** Source data follows **

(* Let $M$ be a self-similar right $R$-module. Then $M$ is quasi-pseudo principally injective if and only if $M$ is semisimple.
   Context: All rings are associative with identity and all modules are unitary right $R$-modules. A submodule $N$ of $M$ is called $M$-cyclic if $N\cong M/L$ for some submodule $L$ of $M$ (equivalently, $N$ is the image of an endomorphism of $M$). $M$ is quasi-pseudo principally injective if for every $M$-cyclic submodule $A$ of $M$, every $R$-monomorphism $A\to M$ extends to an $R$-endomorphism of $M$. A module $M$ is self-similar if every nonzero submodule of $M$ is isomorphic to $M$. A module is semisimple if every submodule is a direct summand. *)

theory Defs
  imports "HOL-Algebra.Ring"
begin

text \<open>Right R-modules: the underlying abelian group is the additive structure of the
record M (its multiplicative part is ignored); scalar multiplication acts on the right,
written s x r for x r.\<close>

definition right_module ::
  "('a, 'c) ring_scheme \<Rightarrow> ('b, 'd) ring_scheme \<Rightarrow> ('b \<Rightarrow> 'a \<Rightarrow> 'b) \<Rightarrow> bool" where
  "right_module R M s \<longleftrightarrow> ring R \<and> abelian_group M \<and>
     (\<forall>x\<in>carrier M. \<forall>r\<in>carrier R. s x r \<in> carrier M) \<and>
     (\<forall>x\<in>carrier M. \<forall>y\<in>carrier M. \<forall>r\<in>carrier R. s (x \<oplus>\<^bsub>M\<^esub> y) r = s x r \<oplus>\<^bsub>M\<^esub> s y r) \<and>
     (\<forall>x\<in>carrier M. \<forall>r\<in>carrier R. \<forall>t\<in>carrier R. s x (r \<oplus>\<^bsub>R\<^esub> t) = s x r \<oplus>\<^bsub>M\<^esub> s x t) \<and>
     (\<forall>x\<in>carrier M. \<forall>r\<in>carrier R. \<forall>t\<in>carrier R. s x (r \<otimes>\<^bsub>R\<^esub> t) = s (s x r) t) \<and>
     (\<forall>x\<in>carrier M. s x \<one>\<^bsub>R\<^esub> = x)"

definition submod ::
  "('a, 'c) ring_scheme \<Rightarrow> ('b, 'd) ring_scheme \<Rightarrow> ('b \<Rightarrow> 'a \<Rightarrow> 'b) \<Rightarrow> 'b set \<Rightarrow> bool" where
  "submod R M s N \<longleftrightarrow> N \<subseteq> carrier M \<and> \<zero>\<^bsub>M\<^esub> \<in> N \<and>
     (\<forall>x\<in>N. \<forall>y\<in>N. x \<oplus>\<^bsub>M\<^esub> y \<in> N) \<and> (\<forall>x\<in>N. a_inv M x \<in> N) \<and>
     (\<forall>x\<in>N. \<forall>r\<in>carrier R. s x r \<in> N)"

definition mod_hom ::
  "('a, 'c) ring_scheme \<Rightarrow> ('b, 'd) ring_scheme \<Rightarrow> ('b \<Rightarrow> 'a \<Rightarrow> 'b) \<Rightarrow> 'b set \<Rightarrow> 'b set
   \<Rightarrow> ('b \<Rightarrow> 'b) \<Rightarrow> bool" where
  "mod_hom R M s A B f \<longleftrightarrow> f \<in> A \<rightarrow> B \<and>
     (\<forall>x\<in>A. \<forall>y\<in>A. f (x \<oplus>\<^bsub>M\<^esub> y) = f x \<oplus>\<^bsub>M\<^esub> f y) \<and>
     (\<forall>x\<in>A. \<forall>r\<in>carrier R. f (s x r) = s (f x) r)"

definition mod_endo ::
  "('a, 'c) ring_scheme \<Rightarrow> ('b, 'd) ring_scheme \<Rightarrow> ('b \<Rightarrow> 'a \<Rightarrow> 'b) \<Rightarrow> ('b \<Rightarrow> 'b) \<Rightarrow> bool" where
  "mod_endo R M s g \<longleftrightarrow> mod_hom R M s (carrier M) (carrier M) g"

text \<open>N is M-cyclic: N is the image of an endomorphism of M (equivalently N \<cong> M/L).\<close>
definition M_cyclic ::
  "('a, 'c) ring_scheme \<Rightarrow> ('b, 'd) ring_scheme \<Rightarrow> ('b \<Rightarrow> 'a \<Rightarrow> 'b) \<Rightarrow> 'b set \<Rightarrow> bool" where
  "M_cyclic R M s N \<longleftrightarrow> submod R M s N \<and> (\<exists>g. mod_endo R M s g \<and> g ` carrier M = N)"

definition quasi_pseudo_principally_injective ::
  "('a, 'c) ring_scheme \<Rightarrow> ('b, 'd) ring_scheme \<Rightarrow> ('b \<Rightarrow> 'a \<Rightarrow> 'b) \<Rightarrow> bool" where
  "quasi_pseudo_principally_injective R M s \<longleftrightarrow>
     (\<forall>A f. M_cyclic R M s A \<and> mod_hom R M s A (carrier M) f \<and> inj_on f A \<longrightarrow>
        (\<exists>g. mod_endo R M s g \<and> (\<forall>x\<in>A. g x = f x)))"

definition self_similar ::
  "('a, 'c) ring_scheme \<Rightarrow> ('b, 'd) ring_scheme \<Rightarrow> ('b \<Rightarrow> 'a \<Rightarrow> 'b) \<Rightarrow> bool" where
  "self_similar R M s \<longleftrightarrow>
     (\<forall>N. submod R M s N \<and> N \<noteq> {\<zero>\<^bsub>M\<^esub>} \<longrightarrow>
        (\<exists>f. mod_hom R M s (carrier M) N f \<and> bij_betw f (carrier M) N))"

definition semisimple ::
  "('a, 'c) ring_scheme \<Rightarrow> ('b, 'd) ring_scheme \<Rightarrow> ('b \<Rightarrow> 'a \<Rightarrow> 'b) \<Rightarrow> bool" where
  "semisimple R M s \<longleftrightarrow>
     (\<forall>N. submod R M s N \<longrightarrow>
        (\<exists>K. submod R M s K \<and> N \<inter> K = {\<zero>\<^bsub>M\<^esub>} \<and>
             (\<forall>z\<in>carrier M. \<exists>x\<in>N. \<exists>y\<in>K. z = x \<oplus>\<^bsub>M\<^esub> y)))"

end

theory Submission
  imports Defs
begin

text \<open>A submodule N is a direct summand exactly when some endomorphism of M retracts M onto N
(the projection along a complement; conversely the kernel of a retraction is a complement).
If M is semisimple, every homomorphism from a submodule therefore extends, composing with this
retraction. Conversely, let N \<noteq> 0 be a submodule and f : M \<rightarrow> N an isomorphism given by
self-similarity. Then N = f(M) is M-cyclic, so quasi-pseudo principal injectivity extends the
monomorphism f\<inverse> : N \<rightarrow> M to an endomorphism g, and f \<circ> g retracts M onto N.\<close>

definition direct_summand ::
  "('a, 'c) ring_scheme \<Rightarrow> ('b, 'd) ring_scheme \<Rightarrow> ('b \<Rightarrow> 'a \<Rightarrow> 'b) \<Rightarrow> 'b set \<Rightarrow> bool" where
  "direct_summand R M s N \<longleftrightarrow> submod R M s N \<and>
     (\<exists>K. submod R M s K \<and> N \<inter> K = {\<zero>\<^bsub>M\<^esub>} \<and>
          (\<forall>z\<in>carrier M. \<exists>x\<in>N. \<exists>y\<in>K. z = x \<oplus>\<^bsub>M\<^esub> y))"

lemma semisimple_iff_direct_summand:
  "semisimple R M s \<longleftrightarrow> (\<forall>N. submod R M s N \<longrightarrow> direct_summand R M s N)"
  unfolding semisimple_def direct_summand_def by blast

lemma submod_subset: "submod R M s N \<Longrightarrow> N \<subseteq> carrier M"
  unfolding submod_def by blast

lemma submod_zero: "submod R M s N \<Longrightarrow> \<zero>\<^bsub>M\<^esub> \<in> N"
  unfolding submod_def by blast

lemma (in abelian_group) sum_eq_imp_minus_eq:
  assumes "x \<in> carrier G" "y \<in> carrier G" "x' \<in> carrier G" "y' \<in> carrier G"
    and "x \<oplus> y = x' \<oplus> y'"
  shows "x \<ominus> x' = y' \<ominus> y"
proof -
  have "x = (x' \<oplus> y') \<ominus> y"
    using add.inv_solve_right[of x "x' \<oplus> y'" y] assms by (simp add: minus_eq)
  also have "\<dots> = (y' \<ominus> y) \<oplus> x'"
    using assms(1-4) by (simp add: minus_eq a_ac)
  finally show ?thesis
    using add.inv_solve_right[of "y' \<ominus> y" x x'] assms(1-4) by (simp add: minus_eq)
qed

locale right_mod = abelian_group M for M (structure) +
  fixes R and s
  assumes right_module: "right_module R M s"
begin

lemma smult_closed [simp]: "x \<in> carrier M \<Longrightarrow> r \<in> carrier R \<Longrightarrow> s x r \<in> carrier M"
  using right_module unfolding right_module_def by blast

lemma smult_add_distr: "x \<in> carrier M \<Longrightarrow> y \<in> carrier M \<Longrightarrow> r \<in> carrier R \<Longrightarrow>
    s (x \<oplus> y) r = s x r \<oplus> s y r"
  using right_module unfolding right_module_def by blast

** End of Source data **

_About this task_
Every line above that includes the string "subseteq" needs to be copied.

_Solution for this problem_
  "submod R M s N \<longleftrightarrow> N \<subseteq> carrier M \<and> \<zero>\<^bsub>M\<^esub> \<in> N \<and>
lemma submod_subset: "submod R M s N \<Longrightarrow> N \<subseteq> carrier M"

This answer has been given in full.